# Can my air pump run 2-air stones?



## 50galkid (Mar 17, 2012)

Hi I have an aqua expert 600 air pump, a t-valve and 2 small air stones.
Can my pump run the 2 air stones?


----------



## Byron (Mar 7, 2009)

Is there an indication on the package as to the number of devices/air stones the pump will operate? I'm not familiar with this particular model, and can't seem to find this data online.

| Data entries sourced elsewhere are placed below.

lemma bessel_coeff_Suc_Suc:
  "bessel_coeff (Suc (Suc n)) (Suc k) = (2 * real n + 3) * bessel_coeff (Suc n) k + bessel_coeff n (Suc k)"
proof -
  have diag: "bessel_coeff (Suc (Suc n)) (Suc k)
      = bessel_coeff (Suc n) k * (real n + real k + 2) * (real n + real k + 3) / (2 * (real k + 1))"
    using bessel_coeff_diag[of k "Suc n"] by (simp add: field_simps)
  have shift: "bessel_coeff n (Suc k)
      = bessel_coeff (Suc n) k * (real n + 1 - real k) * (real n - real k) / (2 * (real k + 1))"
    using bessel_coeff_shift[of k n] by (simp add: field_simps)
  show ?thesis unfolding diag shift by (simp add: field_simps)
qed

lemma coeff_bessel_poly: "coeff (bessel_poly n) k = bessel_coeff n k"
proof (induction n arbitrary: k rule: bessel_poly.induct)
  case 1
  then show ?case by (cases k) (simp_all add: bessel_coeff_eq_0)
next
  case 2
  then show ?case
    by (cases k; cases "k - 1") (auto simp: bessel_coeff_def coeff_pCons)
next
  case (3 n)
  then show ?case by (cases k) (simp_all add: coeff_pCons bessel_coeff_Suc_Suc)
qed

lemma poly_higher_pderiv_legendre:
  "poly ((pderiv ^^ k) (legendre n)) 1 = bessel_coeff n k \<and>
   poly ((pderiv ^^ k) (legendre n)) (-1) = (-1) ^ (n + k) * bessel_coeff n k"
proof (induction n arbitrary: k rule: legendre.induct)
  case 1
  then show ?case by (cases k) (simp_all add: bessel_coeff_eq_0 funpow_Suc_right del: funpow.simps)
next
  case 2
  then show ?case
    by (cases k; cases "k - 1")
      (auto simp: bessel_coeff_def funpow_Suc_right pderiv_pCons simp del: funpow.simps)
next
  case (3 n)
  show ?case
  proof (cases k)
    case (Suc j)
    have "(pderiv ^^ Suc j) (legendre (Suc (Suc n)))
        = (pderiv ^^ Suc j) (legendre n) + smult (2 * real n + 3) ((pderiv ^^ j) (legendre (Suc n)))"
      by (simp only: funpow_Suc_right o_apply pderiv_legendre_SS higher_pderiv_add higher_pderiv_smult)
    then show ?thesis using "3.IH"(1)[of j] "3.IH"(2)[of "Suc j"] Suc
      by (simp add: bessel_coeff_Suc_Suc algebra_simps)
  qed simp
qed

lemma poly_higher_pderiv_legendre_one: "poly ((pderiv ^^ k) (legendre n)) 1 = bessel_coeff n k"
  and poly_higher_pderiv_legendre_neg_one:
    "poly ((pderiv ^^ k) (legendre n)) (-1) = (-1) ^ (n + k) * bessel_coeff n k"
  using poly_higher_pderiv_legendre by blast+

lemma bessel_poly_reflection:
  "bessel_poly (Suc n) * pcompose (bessel_poly n) [:0, -1:]
     + pcompose (bessel_poly (Suc n)) [:0, -1:] * bessel_poly n = [:2:]"
proof -
  have "poly (bessel_poly (Suc n)) s * poly (bessel_poly n) (-s)
          + poly (bessel_poly (Suc n)) (-s) * poly (bessel_poly n) s = 2" for s
    by (induction n) (simp_all add: algebra_simps)
  then show ?thesis by (intro poly_ext) (simp add: poly_pcompose)
qed

section \<open>Closed form of \<open>q\<^sub>p\<^sub>,\<^sub>\<nu>\<close>\<close>

definition alpha :: "nat \<Rightarrow> nat \<Rightarrow> real" where
  "alpha p k = (-1) ^ k * bessel_coeff (Suc p) k / 2"

definition beta :: "nat \<Rightarrow> nat \<Rightarrow> real" where
  "beta p k = (-1) ^ k * bessel_coeff p k / 2"

definition qsum :: "nat \<Rightarrow> nat \<Rightarrow> real poly" where
  "qsum p n = (\<Sum>k\<le>n. smult (alpha p k) (psi p k) + smult (beta p k) (psi (Suc p) k))"

lemma higher_pderiv_psi: "k \<le> m \<Longrightarrow> (pderiv ^^ m) (psi i k) = (pderiv ^^ (m - k)) (legendre i)"
proof (induction k arbitrary: m)
  case (Suc k)
  then obtain m' where m: "m = Suc m'" by (cases m) auto
  then have "(pderiv ^^ m) (psi i (Suc k)) = (pderiv ^^ m') (psi i k)"
    by (simp only: funpow_Suc_right o_apply psi.simps pderiv_prim)
  then show ?case using Suc m by simp
qed simp

lemma poly_higher_pderiv_qsum:
  "poly ((pderiv ^^ n) (qsum p n)) x =
     (\<Sum>k\<le>n. alpha p k * poly ((pderiv ^^ (n - k)) (legendre p)) x
            + beta p k * poly ((pderiv ^^ (n - k)) (legendre (Suc p))) x)"
  unfolding qsum_def higher_pderiv_sum higher_pderiv_add higher_pderiv_smult poly_sum
  by (intro sum.cong refl) (simp add: higher_pderiv_psi del: funpow.simps)

text \<open>The recursion chooses \<open>\<alpha>\<^sub>p\<^sub>,\<^sub>\<nu>\<close>, \<open>\<beta>\<^sub>p\<^sub>,\<^sub>\<nu>\<close> exactly so that \<open>q\<^sub>p\<^sub>,\<^sub>\<nu>\<^sup>(\<^sup>\<nu>\<^sup>)\<close>
  vanishes at \<open>\<plusminus>1\<close>. For the closed form, the value at \<open>1\<close> is half the \<open>n\<close>-th coefficient of
  \<open>y\<^sub>p\<^sub>+\<^sub>1(-x) y\<^sub>p(x) + y\<^sub>p(-x) y\<^sub>p\<^sub>+\<^sub>1(x) = 2\<close>, and the value at \<open>-1\<close> is, up to sign,
  half the \<open>n\<close>-th coefficient of \<open>y\<^sub>p\<^sub>+\<^sub>1 y\<^sub>p - y\<^sub>p y\<^sub>p\<^sub>+\<^sub>1 = 0\<close>.\<close>

lemma poly_higher_pderiv_qsum_one:
  assumes "0 < n"
  shows "poly ((pderiv ^^ n) (qsum p n)) 1 = 0"
proof -
  let ?R = "\<lambda>m. pcompose (bessel_poly m) [:0, -1:]"
  have coeff_R: "coeff (?R m) i = (-1) ^ i * bessel_coeff m i" for m i
    by (simp add: coeff_pcompose_linear coeff_bessel_poly)
  have "2 * poly ((pderiv ^^ n) (qsum p n)) 1
      = coeff (?R (Suc p) * bessel_poly p + ?R p * bessel_poly (Suc p)) n"
    unfolding coeff_add coeff_mult coeff_R coeff_bessel_poly poly_higher_pderiv_qsum
      poly_higher_pderiv_legendre_one
    by (simp add: alpha_def beta_def sum_distrib_left sum.distrib algebra_simps)
  also have "?R (Suc p) * bessel_poly p + ?R p * bessel_poly (Suc p) = [:2:]"
    using bessel_poly_reflection[of p] by (simp add: mult.commute add.commute)
  finally show ?thesis using assms by (simp add: coeff_pCons split: nat.splits)
qed

lemma poly_higher_pderiv_qsum_neg_one: "poly ((pderiv ^^ n) (qsum p n)) (-1) = 0"
proof -
  have "poly ((pderiv ^^ n) (qsum p n)) (-1)
      = (\<Sum>k\<le>n. (-1) ^ (p + n) / 2 * (bessel_coeff (Suc p) k * bessel_coeff p (n - k)
                                      - bessel_coeff p k * bessel_coeff (Suc p) (n - k)))"
    unfolding poly_higher_pderiv_qsum poly_higher_pderiv_legendre_neg_one
  proof (intro sum.cong refl)
    fix k assume "k \<in> {..n}"
    then have "k + (p + (n - k)) = p + n" by simp
    then have sign: "(-1::real) ^ k * (-1) ^ (p + (n - k)) = (-1) ^ (p + n)"
      by (metis power_add)
    have alpha_term: "alpha p k * ((-1) ^ (p + (n - k)) * bessel_coeff p (n - k))
        = (-1) ^ (p + n) * (bessel_coeff (Suc p) k * bessel_coeff p (n - k)) / 2"
      unfolding sign[symmetric] by (simp add: alpha_def mult_ac)
    have beta_term: "beta p k * ((-1) ^ (Suc p + (n - k)) * bessel_coeff (Suc p) (n - k))
        = - ((-1) ^ (p + n) * (bessel_coeff p k * bessel_coeff (Suc p) (n - k)) / 2)"
      unfolding sign[symmetric] by (simp add: beta_def mult_ac)
    show "alpha p k * ((-1) ^ (p + (n - k)) * bessel_coeff p (n - k))
            + beta p k * ((-1) ^ (Suc p + (n - k)) * bessel_coeff (Suc p) (n - k))
          = (-1) ^ (p + n) / 2 * (bessel_coeff (Suc p) k * bessel_coeff p (n - k)
                                   - bessel_coeff p k * bessel_coeff (Suc p) (n - k))"
      unfolding alpha_term beta_term by (simp add: algebra_simps)
  qed
  also have "\<dots> = (-1) ^ (p + n) / 2 * (coeff (bessel_poly (Suc p) * bessel_poly p) n
                                          - coeff (bessel_poly p * bessel_poly (Suc p)) n)"
    by (simp only: coeff_mult coeff_bessel_poly right_diff_distrib sum_distrib_left sum_subtractf)
  finally show ?thesis by (simp add: mult.commute)
qed

lemma qsum_Suc:
  "qsum p (Suc n) = qsum p n + smult (alpha p (Suc n)) (psi p (Suc n))
                             + smult (beta p (Suc n)) (psi (Suc p) (Suc n))"
  by (simp add: qsum_def add.assoc)

lemma qpol_eq_qsum: "qpol p \<nu> = qsum p \<nu>"
proof (induction \<nu>)
  case 0
  then show ?case by (simp add: qsum_def alpha_def beta_def smult_add_right)
next
  case (Suc \<nu>)
  define d where "d = (pderiv ^^ Suc \<nu>) (qsum p \<nu>)"
  have "(pderiv ^^ Suc \<nu>) (qsum p (Suc \<nu>))
      = d + smult (alpha p (Suc \<nu>)) (legendre p) + smult (beta p (Suc \<nu>)) (legendre (Suc p))"
    unfolding qsum_Suc d_def higher_pderiv_add higher_pderiv_smult
    by (simp only: higher_pderiv_psi[OF order_refl] diff_self_eq_0 funpow_0)
  then have at_one: "poly d 1 + alpha p (Suc \<nu>) + beta p (Suc \<nu>) = 0"
    and at_neg_one: "poly d (-1) + (-1) ^ p * (alpha p (Suc \<nu>) - beta p (Suc \<nu>)) = 0"
    using poly_higher_pderiv_qsum_one[of "Suc \<nu>" p] poly_higher_pderiv_qsum_neg_one[of "Suc \<nu>" p]
    by (simp_all add: algebra_simps)
  have "poly d (-1) = - ((-1) ^ p * (alpha p (Suc \<nu>) - beta p (Suc \<nu>)))"
    using at_neg_one by (simp add: eq_neg_iff_add_eq_0)
  then have "(-1) ^ p * poly d (-1)
      = - (((-1) ^ p * (-1) ^ p) * (alpha p (Suc \<nu>) - beta p (Suc \<nu>)))"
    by (simp only: mult.assoc mult_minus_right)
  then have "(-1) ^ p * poly d (-1) = beta p (Suc \<nu>) - alpha p (Suc \<nu>)"
    by (simp flip: power_mult_distrib)
  then have "- (poly d 1 + (-1) ^ p * poly d (-1)) / 2 = alpha p (Suc \<nu>)"
    and "- (poly d 1 - (-1) ^ p * poly d (-1)) / 2 = beta p (Suc \<nu>)"
    using at_one by simp_all
  then show ?case by (simp add: Suc.IH d_def Let_def qsum_Suc)
qed

section \<open>Integrals over \<open>[-1, 1]\<close> and the \<open>L\<^sup>2\<close> norm\<close>

definition poly_integral :: "real poly \<Rightarrow> real" where
  "poly_integral f = poly (prim f) 1"

lemma has_integral_poly_integral: "(poly f has_integral poly_integral f) {-1..1}"
proof -
  have "(poly f has_integral poly (prim f) 1 - poly (prim f) (-1)) {-1..1}"
  proof (rule fundamental_theorem_of_calculus)
    fix x :: real
    show "(poly (prim f) has_vector_derivative poly f x) (at x within {-1..1})"
      using DERIV_subset[OF poly_DERIV[of "prim f" x]]
      by (simp add: has_real_derivative_iff_has_vector_derivative)
  qed simp
  then show ?thesis by (simp add: poly_integral_def)
qed

lemma L2sq_eq_poly_integral: "L2sq f = poly_integral (f * f)"
proof -
  have "poly (f * f) = (\<lambda>x. (poly f x)\<^sup>2)" by (simp add: fun_eq_iff power2_eq_square)
  then show ?thesis
    using has_integral_poly_integral[of "f * f"] by (simp add: L2sq_def integral_unique)
qed

lemma L2sq_nonneg: "0 \<le> L2sq f"
  using has_integral_nonneg[OF has_integral_poly_integral[of "f * f"]]
  by (simp add: L2sq_eq_poly_integral)

lemma poly_integral_add: "poly_integral (f + g) = poly_integral f + poly_integral g"
  by (simp add: poly_integral_def prim_add)

lemma poly_integral_diff: "poly_integral (f - g) = poly_integral f - poly_integral g"
  by (simp add: poly_integral_def prim_diff)

lemma poly_integral_smult: "poly_integral (smult c f) = c * poly_integral f"
  by (simp add: poly_integral_def prim_smult)

lemma poly_integral_by_parts:
  "poly_integral (pderiv F * g)
     = poly F 1 * poly g 1 - poly F (-1) * poly g (-1) - poly_integral (F * pderiv g)"
proof -
  have "pderiv F * g = pderiv (F * g) - F * pderiv g" by (simp add: pderiv_mult)
  then have "poly_integral (pderiv F * g) = poly_integral (pderiv (F * g)) - poly_integral (F * pderiv g)"
    by (simp add: poly_integral_diff)
  then show ?thesis by (simp add: poly_integral_def prim_pderiv)
qed

lemma poly_integral_legendre_Suc_mult:
  "poly_integral (legendre (Suc n) * g)
     = (poly_integral (legendre n * pderiv g) - poly_integral (legendre (Suc (Suc n)) * pderiv g))
       / (2 * real n + 3)"
proof -
  have "poly_integral (legendre (Suc n) * g) = - poly_integral (prim (legendre (Suc n)) * pderiv g)"
    using poly_integral_by_parts[of "prim (legendre (Suc n))" g] by simp
  then show ?thesis
    by (simp add: prim_legendre_Suc poly_integral_diff poly_integral_smult left_diff_distrib field_simps)
qed

lemma legendre_orthogonal: "degree g < n \<Longrightarrow> poly_integral (legendre n * g) = 0"
proof (induction "degree g" arbitrary: g n)
  case 0
  then obtain m where "n = Suc m" by (cases n) auto
  moreover have "pderiv g = 0" using "0.hyps" by (simp add: pderiv_eq_0_iff)
  ultimately show ?case by (simp add: poly_integral_legendre_Suc_mult[of m g])
next
  case (Suc d)
  obtain m where n: "n = Suc m" using Suc.prems by (cases n) auto
  have "d = degree (pderiv g)" "degree (pderiv g) < m" "degree (pderiv g) < Suc (Suc m)"
    using Suc.hyps(2) Suc.prems n by (simp_all add: degree_pderiv)
  then show ?case unfolding n poly_integral_legendre_Suc_mult[of m g] by (simp add: Suc.hyps(1))
qed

But as you have the pump and the rest, hook it up and see. If it sends a decent airstream through both airstones, you're fine. If it won't, then a larger pump will be required.


----------



## 50galkid (Mar 17, 2012)

What other air pumps do you know that can pump 2 air stones and at a reasonable price?


----------



## Sherry1966 (Oct 3, 2012)

It will. I run 2 airstones off my 400 with no problems. That particular tank has been running for 3 years now.


----------



## DKRST (Jan 11, 2011)

Any airflow problems, always try to shorten the air line as much as possible and check the valves for leaks by submerging the valves (with the air running through the system) in the tank. I find a lot of air flow control valves leak around the connections! I have even had the "T" connectors leak due to poor construction. You may need a valve or two to make both airstones work. If one airstone's resistance to airflow is slightly high, most of the air will flow through the airstone of least resistance!


----------